++++ GIVEN ENTRIES ++++

lemma lattice_cevians_imp_lattice_equiv_T_tri:
  assumes "lattice_cevians a b c za zb zc l D"
  shows "\<exists>x. 0 \<le> x \<and> x < 1 \<and> lattice_equiv (T_tri x) (convex hull {a, b, c})"
proof (cases "1/2 \<le> l")
  case True
  then show ?thesis
    using lattice_equiv_T_tri_if_lattice_cevians_ge_half[OF assms] lattice_ceviansD(3)[OF assms]
    by (intro exI[of _ "2 * l - 1"]) auto
next
  case False
  then have "lattice_equiv (T_tri (2 * (1 - l) - 1)) (convex hull {a, c, b})"
    by (intro lattice_equiv_T_tri_if_lattice_cevians_ge_half[OF lattice_cevians_reflect[OF assms]]) auto
  moreover have "convex hull {a, c, b} = convex hull {a, b, c}"
    by (simp add: insert_commute)
  ultimately show ?thesis
    using False lattice_ceviansD(2)[OF assms] by (intro exI[of _ "2 * (1 - l) - 1"]) auto
qed

section \<open>Complete triangles have lattice cevians\<close>

lemma lattice_complete_lattice_diam_less:
  assumes "lattice_complete K" "convex_body K'" "K \<subset> K'"
  shows "lattice_diam K < lattice_diam K'"
proof -
  have "K \<noteq> {}"
    using assms(1) interior_subset unfolding lattice_complete_def convex_body_def by blast
  moreover have "bounded K'"
    using assms(2) unfolding convex_body_def by (simp add: compact_imp_bounded)
  ultimately have "lattice_diam K \<le> lattice_diam K'"
    using assms(3) by (intro lattice_diam_mono) auto
  moreover have "lattice_diam K' \<noteq> lattice_diam K"
    using assms unfolding lattice_complete_def by blast
  ultimately show ?thesis
    by simp
qed

lemma kite_coords:
  assumes "w \<in> convex hull {a + s *\<^sub>R (b - a) + s *\<^sub>R (c - a), a, b, c}" "1/2 \<le> s" "s \<le> 1"
  obtains x y where "w = a + x *\<^sub>R (b - a) + y *\<^sub>R (c - a)"
    "0 \<le> x" "x \<le> 1" "0 \<le> y" "y \<le> 1" "x + y \<le> 2 * s"
proof -
  obtain \<mu> \<nu> w0 where h: "0 \<le> \<mu>" "0 \<le> \<nu>" "\<mu> + \<nu> = 1" "w0 \<in> convex hull {a, b, c}"
    "w = \<mu> *\<^sub>R (a + s *\<^sub>R (b - a) + s *\<^sub>R (c - a)) + \<nu> *\<^sub>R w0"
    using assms(1) unfolding convex_hull_insert[of "{a, b, c}", OF insert_not_empty] by blast
  obtain x0 y0 where c0: "0 \<le> x0" "0 \<le> y0" "x0 + y0 \<le> 1"
    "w0 = a + x0 *\<^sub>R (b - a) + y0 *\<^sub>R (c - a)"
    using h(4) unfolding convex_hull_3_alt by blast
  have "\<nu> = 1 - \<mu>"
    using h(3) by simp
  then have w: "w = a + (\<mu> * s + \<nu> * x0) *\<^sub>R (b - a) + (\<mu> * s + \<nu> * y0) *\<^sub>R (c - a)"
    unfolding h(5) c0(4) \<open>\<nu> = 1 - \<mu>\<close> by (simp add: algebra_simps)
  have "\<mu> * s \<le> \<mu>" "\<nu> * x0 \<le> \<nu>" "\<nu> * y0 \<le> \<nu>" "\<nu> * x0 + \<nu> * y0 \<le> \<nu>"
    using h(1,2) c0 assms(3) mult_left_le[of "x0 + y0" \<nu>] by (simp_all add: mult_left_le distrib_left)
  moreover have "\<nu> \<le> 2 * (\<nu> * s)" "\<mu> * s + \<nu> * s = s"
    using h(2,3) assms(2) mult_left_mono[of 1 "2 * s" \<nu>] by (simp_all flip: distrib_right)
  moreover have "0 \<le> \<mu> * s" "0 \<le> \<nu> * x0" "0 \<le> \<nu> * y0"
    using h(1,2) c0(1,2) assms(2) by simp_all
  ultimately show ?thesis
    using h(3) by (intro that[OF w]) linarith+
qed

lemma kite_chord_bounds:
  assumes "det2 (b - a) (c - a) \<noteq> 0" "1/2 \<le> s" "s \<le> 1"
    and "q1 \<in> convex hull {a + s *\<^sub>R (b - a) + s *\<^sub>R (c - a), a, b, c}"
    and "q2 \<in> convex hull {a + s *\<^sub>R (b - a) + s *\<^sub>R (c - a), a, b, c}"
    and "q2 - q1 = x *\<^sub>R (b - a) + y *\<^sub>R (c - a)"
  shows "\<bar>x\<bar> \<le> 1" "\<bar>y\<bar> \<le> 1" "\<bar>x + y\<bar> \<le> 2 * s"
proof -
  obtain x1 y1 where q1: "q1 = a + x1 *\<^sub>R (b - a) + y1 *\<^sub>R (c - a)"
    "0 \<le> x1" "x1 \<le> 1" "0 \<le> y1" "y1 \<le> 1" "x1 + y1 \<le> 2 * s"
    using kite_coords[OF assms(4,2,3)] by blast
  obtain x2 y2 where q2: "q2 = a + x2 *\<^sub>R (b - a) + y2 *\<^sub>R (c - a)"
    "0 \<le> x2" "x2 \<le> 1" "0 \<le> y2" "y2 \<le> 1" "x2 + y2 \<le> 2 * s"
    using kite_coords[OF assms(5,2,3)] by blast
  have "x *\<^sub>R (b - a) + y *\<^sub>R (c - a) = (x2 - x1) *\<^sub>R (b - a) + (y2 - y1) *\<^sub>R (c - a)"
    unfolding assms(6)[symmetric] q1(1) q2(1) by (simp add: algebra_simps)
  then have "x = x2 - x1" "y = y2 - y1"
    using det2_coords_unique[OF assms(1)] by blast+
  then show "\<bar>x\<bar> \<le> 1" "\<bar>y\<bar> \<le> 1" "\<bar>x + y\<bar> \<le> 2 * s"
    using q1(2-6) q2(2-6) by (simp_all add: abs_le_iff)
qed

lemma triangle_psubset_kite:
  fixes a b c :: "real \<times> real"
  assumes "\<not> collinear {a, b, c}" "1/2 < s"
  shows "convex hull {a, b, c} \<subset> convex hull {a + s *\<^sub>R (b - a) + s *\<^sub>R (c - a), a, b, c}"
proof -
  have "a + s *\<^sub>R (b - a) + s *\<^sub>R (c - a) \<notin> convex hull {a, b, c}"
  proof
    assume "a + s *\<^sub>R (b - a) + s *\<^sub>R (c - a) \<in> convex hull {a, b, c}"
    then obtain x y where xy: "x + y \<le> 1" "s *\<^sub>R (b - a) + s *\<^sub>R (c - a) = x *\<^sub>R (b - a) + y *\<^sub>R (c - a)"
      unfolding convex_hull_3_alt by auto
    moreover have "det2 (b - a) (c - a) \<noteq> 0"
      using assms(1) collinear_iff_det2 by blast
    ultimately have "s = x" "s = y"
      using det2_coords_unique by blast+
    then show False
      using xy(1) assms(2) by simp
  qed
  moreover have "convex hull {a, b, c} \<subseteq> convex hull {a + s *\<^sub>R (b - a) + s *\<^sub>R (c - a), a, b, c}"
    by (rule hull_mono) auto
  ultimately show ?thesis
    by (auto intro: hull_inc)
qed

lemma scaled_abs_less:
  fixes D t x e :: real
  assumes "0 \<le> D" "D < t" "t * \<bar>x\<bar> \<le> e" "0 < e"
  shows "D * \<bar>x\<bar> < e"
proof (cases "x = 0")
  case False
  then have "D * \<bar>x\<bar> < t * \<bar>x\<bar>"
    using assms(2) by simp
  then show ?thesis
    using assms(3) by linarith
qed (use assms(4) in simp)

lemma lattice_complete_kite_chord:
  assumes "\<not> collinear {a, b, c}" "lattice_complete (convex hull {a, b, c})" "1/2 < s" "s < 1"
  defines "D \<equiv> lattice_diam (convex hull {a, b, c})"
  obtains z x y where "primitive_vec z" "z = x *\<^sub>R (b - a) + y *\<^sub>R (c - a)"
    "D * \<bar>x\<bar> < 1" "D * \<bar>y\<bar> < 1" "D * \<bar>x + y\<bar> < 2 * s"
proof -
  define K where "K = convex hull {a + s *\<^sub>R (b - a) + s *\<^sub>R (c - a), a, b, c}"
  have det: "det2 (b - a) (c - a) \<noteq> 0"
    using assms(1) collinear_iff_det2 by blast
  have "convex hull {a, b, c} \<subset> K"
    unfolding K_def using assms(1,3) by (rule triangle_psubset_kite)
  moreover have "convex_body K"
    using interior_mono[OF psubset_imp_subset[OF \<open>convex hull {a, b, c} \<subset> K\<close>]]
      convex_body_triangle[OF assms(1)]
    unfolding convex_body_def K_def by (auto simp: finite_imp_compact_convex_hull)
  ultimately have "D < lattice_diam K"
    using lattice_complete_lattice_diam_less[OF assms(2)] unfolding D_def by blast
  then obtain q1 q2 z t where ch: "q1 \<in> K" "q2 \<in> K" "primitive_vec z" "0 \<le> t"
    "q2 - q1 = t *\<^sub>R z" "D < t"
    using lattice_diam_gtE[of K] \<open>convex hull {a, b, c} \<subset> K\<close> by blast
  define x where "x = det2 z (c - a) / det2 (b - a) (c - a)"
  define y where "y = det2 (b - a) z / det2 (b - a) (c - a)"
  have z: "z = x *\<^sub>R (b - a) + y *\<^sub>R (c - a)"
    unfolding x_def y_def by (rule det2_decomposition[OF det])
  then have "q2 - q1 = (t * x) *\<^sub>R (b - a) + (t * y) *\<^sub>R (c - a)"
    using ch(5) by (simp add: scaleR_add_right)
  then have "\<bar>t * x\<bar> \<le> 1" "\<bar>t * y\<bar> \<le> 1" "\<bar>t * x + t * y\<bar> \<le> 2 * s"
    using kite_chord_bounds[OF det _ _ ch(1,2)[unfolded K_def]] assms(3,4) by auto
  then have "t * \<bar>x\<bar> \<le> 1" "t * \<bar>y\<bar> \<le> 1" "t * \<bar>x + y\<bar> \<le> 2 * s"
    using ch(4) by (simp_all add: abs_mult flip: distrib_left)
  moreover have "0 < D"
    unfolding D_def by (rule lattice_diam_triangle_pos[OF assms(1)])
  ultimately show ?thesis
    using ch(6) assms(3) by (intro that[OF ch(3) z] scaled_abs_less[of D t]) auto
qed

lemma lattice_complete_near_cevian:
  assumes "\<not> collinear {a, b, c}" "lattice_complete (convex hull {a, b, c})" "1/2 < s" "s < 1"
  defines "D \<equiv> lattice_diam (convex hull {a, b, c})"
  obtains z x y where "int_vec z" "z = x *\<^sub>R (b - a) + y *\<^sub>R (c - a)" "0 < x" "0 < y"
    "D * x < 1" "D * y < 1" "1 \<le> D * (x + y)" "D * (x + y) < 2 * s"
proof -
  have "0 < D"
    unfolding D_def by (rule lattice_diam_triangle_pos[OF assms(1)])
  obtain z x y where z: "primitive_vec z" "z = x *\<^sub>R (b - a) + y *\<^sub>R (c - a)"
    and bounds: "D * \<bar>x\<bar> < 1" "D * \<bar>y\<bar> < 1" "D * \<bar>x + y\<bar> < 2 * s"
    using lattice_complete_kite_chord[OF assms(1-4)] unfolding D_def by blast
  have "1 \<le> D * hexnorm x y"
    unfolding D_def using primitive_vec_imp_int_vec[OF z(1)] primitive_vec_nonzero[OF z(1)] z(2)
    by (rule lattice_diam_triangle_ge)
  moreover have "hexnorm x y = \<bar>x\<bar> \<or> hexnorm x y = \<bar>y\<bar> \<or> hexnorm x y = \<bar>x + y\<bar>"
    unfolding hexnorm_def by (auto simp: max_def)
  ultimately have "1 \<le> D * \<bar>x + y\<bar>"
    using bounds by auto
  define \<sigma> where "\<sigma> = sgn (x + y)"
  have "x + y \<noteq> 0"
    using \<open>1 \<le> D * \<bar>x + y\<bar>\<close> by auto
  then have \<sigma>: "\<bar>\<sigma>\<bar> = 1" "\<sigma> \<in> \<int>" "\<sigma> * (x + y) = \<bar>x + y\<bar>"
    unfolding \<sigma>_def by (auto simp: sgn_real_def abs_real_def)
  have "int_vec (\<sigma> *\<^sub>R z)"
    using \<sigma>(2) primitive_vec_imp_int_vec[OF z(1)] by (rule int_vec_scaleR)
  moreover have "\<sigma> *\<^sub>R z = (\<sigma> * x) *\<^sub>R (b - a) + (\<sigma> * y) *\<^sub>R (c - a)"
    using z(2) by (simp add: scaleR_add_right)
  moreover have "D * (\<sigma> * x) < 1" "D * (\<sigma> * y) < 1"
  proof -
    have "\<sigma> * x \<le> \<bar>x\<bar>" "\<sigma> * y \<le> \<bar>y\<bar>"
      using abs_ge_self[of "\<sigma> * x"] abs_ge_self[of "\<sigma> * y"] \<sigma>(1) by (simp_all add: abs_mult)
    then have "D * (\<sigma> * x) \<le> D * \<bar>x\<bar>" "D * (\<sigma> * y) \<le> D * \<bar>y\<bar>"
      using \<open>0 < D\<close> by (simp_all add: mult_left_mono)
    then show "D * (\<sigma> * x) < 1" "D * (\<sigma> * y) < 1"
      using bounds(1,2) by linarith+
  qed
  moreover have "1 \<le> D * (\<sigma> * x + \<sigma> * y)" "D * (\<sigma> * x + \<sigma> * y) < 2 * s"
    using \<open>1 \<le> D * \<bar>x + y\<bar>\<close> bounds(3) \<sigma>(3) by (simp_all add: distrib_left)
  moreover have "0 < D * (\<sigma> * x)" "0 < D * (\<sigma> * y)"
    using calculation(3-5) by (simp_all add: distrib_left)
  then have "0 < \<sigma> * x" "0 < \<sigma> * y"
    using \<open>0 < D\<close> zero_less_mult_pos by blast+
  ultimately show ?thesis
    using that by blast
qed

lemma bounded_coords_le:
  assumes "det2 u v \<noteq> 0"
  shows "bounded {z. \<bar>det2 z v / det2 u v\<bar> \<le> r \<and> \<bar>det2 u z / det2 u v\<bar> \<le> r}"
proof -
  have "norm z \<le> r * norm u + r * norm v"
    if "\<bar>det2 z v / det2 u v\<bar> \<le> r" "\<bar>det2 u z / det2 u v\<bar> \<le> r" for z
  proof -
    have "norm z \<le> \<bar>det2 z v / det2 u v\<bar> * norm u + \<bar>det2 u z / det2 u v\<bar> * norm v"
      using det2_decomposition[OF assms, of z] norm_triangle_ineq[of "(det2 z v / det2 u v) *\<^sub>R u"]
      by (metis norm_scaleR)
    also have "\<dots> \<le> r * norm u + r * norm v"
      using that by (intro add_mono mult_right_mono) auto
    finally show ?thesis .
  qed
  then show ?thesis
    unfolding bounded_iff by blast
qed

lemma lattice_complete_vertex_cevian:
  assumes "\<not> collinear {a, b, c}" "lattice_complete (convex hull {a, b, c})"
  defines "D \<equiv> lattice_diam (convex hull {a, b, c})"
  obtains z l where "int_vec z" "0 < l" "l < 1" "a + D *\<^sub>R z = l *\<^sub>R b + (1 - l) *\<^sub>R c"
proof -
  define u v where "u = b - a" and "v = c - a"
  have det: "det2 u v \<noteq> 0"
    using assms(1) collinear_iff_det2 unfolding u_def v_def by blast
  have "0 < D"
    unfolding D_def by (rule lattice_diam_triangle_pos[OF assms(1)])
  define S where "S = {z. \<bar>det2 z v / det2 u v\<bar> \<le> 1 / D \<and> \<bar>det2 u z / det2 u v\<bar> \<le> 1 / D}"
  have "bounded S"
    unfolding S_def by (rule bounded_coords_le[OF det])
  then obtain \<delta> where \<delta>: "0 < \<delta>" "\<And>z. z \<in> S \<Longrightarrow> int_vec z \<Longrightarrow> 1 < D * (det2 z v / det2 u v + det2 u z / det2 u v)
      \<Longrightarrow> 1 + \<delta> \<le> D * (det2 z v / det2 u v + det2 u z / det2 u v)"
    using int_vec_values_gap[where c = 1 and f = "\<lambda>z. D * (det2 z v / det2 u v + det2 u z / det2 u v)"]
    by blast
  \<comment> \<open>Integer vectors of \<open>S\<close> with \<open>D * (x + y) > 1\<close> have \<open>D * (x + y) \<ge> 1 + \<delta> \<ge> 2 * s\<close>,
    so the near cevian found below is exact.\<close>
  define s where "s = (1 + min \<delta> (1/2)) / 2"
  have "1/2 < s" "s < 1" "2 * s \<le> 1 + \<delta>"
    unfolding s_def using \<delta>(1) by (auto simp: min_def)
  then obtain z x y where z: "int_vec z" "z = x *\<^sub>R u + y *\<^sub>R v" "0 < x" "0 < y"
    "D * x < 1" "D * y < 1" "1 \<le> D * (x + y)" "D * (x + y) < 2 * s"
    using lattice_complete_near_cevian[OF assms(1,2)] unfolding D_def u_def v_def by blast
  have cx: "det2 z v / det2 u v = x" and cy: "det2 u z / det2 u v = y"
    using det2_coords_unique[OF det] det2_decomposition[OF det, of z] z(2) by metis+
  have "z \<in> S"
    unfolding S_def mem_Collect_eq cx cy using z(3-6) \<open>0 < D\<close> by (simp add: pos_le_divide_eq mult.commute)
  moreover have "\<not> 1 + \<delta> \<le> D * (x + y)"
    using z(8) \<open>2 * s \<le> 1 + \<delta>\<close> by simp
  ultimately have "\<not> 1 < D * (x + y)"
    using \<delta>(2)[OF _ z(1)] unfolding cx cy by blast
  then have "D * y = 1 - D * x"
    using z(7) by (simp add: distrib_left)
  have "a + D *\<^sub>R z = a + (D * x) *\<^sub>R (b - a) + (D * y) *\<^sub>R (c - a)"
    unfolding z(2) u_def v_def by (simp add: scaleR_add_right)
  also have "\<dots> = (D * x) *\<^sub>R b + (1 - D * x) *\<^sub>R c"
    unfolding \<open>D * y = 1 - D * x\<close> by (simp add: algebra_simps)
  finally show ?thesis
    using that[OF z(1), of "D * x"] z(3,5) \<open>0 < D\<close> by simp
qed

++++

WHAT THE TASK ASKS: Look above for the line holding "convex_body_triangle[OF assms(1)]" and the line holding "(t * x) *\<^sub>R". Retype both, and every line between them, word for word and nothing else.

SOLUTION FOR THIS EXERCISE:
      convex_body_triangle[OF assms(1)]
    unfolding convex_body_def K_def by (auto simp: finite_imp_compact_convex_hull)
  ultimately have "D < lattice_diam K"
    using lattice_complete_lattice_diam_less[OF assms(2)] unfolding D_def by blast
  then obtain q1 q2 z t where ch: "q1 \<in> K" "q2 \<in> K" "primitive_vec z" "0 \<le> t"
    "q2 - q1 = t *\<^sub>R z" "D < t"
    using lattice_diam_gtE[of K] \<open>convex hull {a, b, c} \<subset> K\<close> by blast
  define x where "x = det2 z (c - a) / det2 (b - a) (c - a)"
  define y where "y = det2 (b - a) z / det2 (b - a) (c - a)"
  have z: "z = x *\<^sub>R (b - a) + y *\<^sub>R (c - a)"
    unfolding x_def y_def by (rule det2_decomposition[OF det])
  then have "q2 - q1 = (t * x) *\<^sub>R (b - a) + (t * y) *\<^sub>R (c - a)"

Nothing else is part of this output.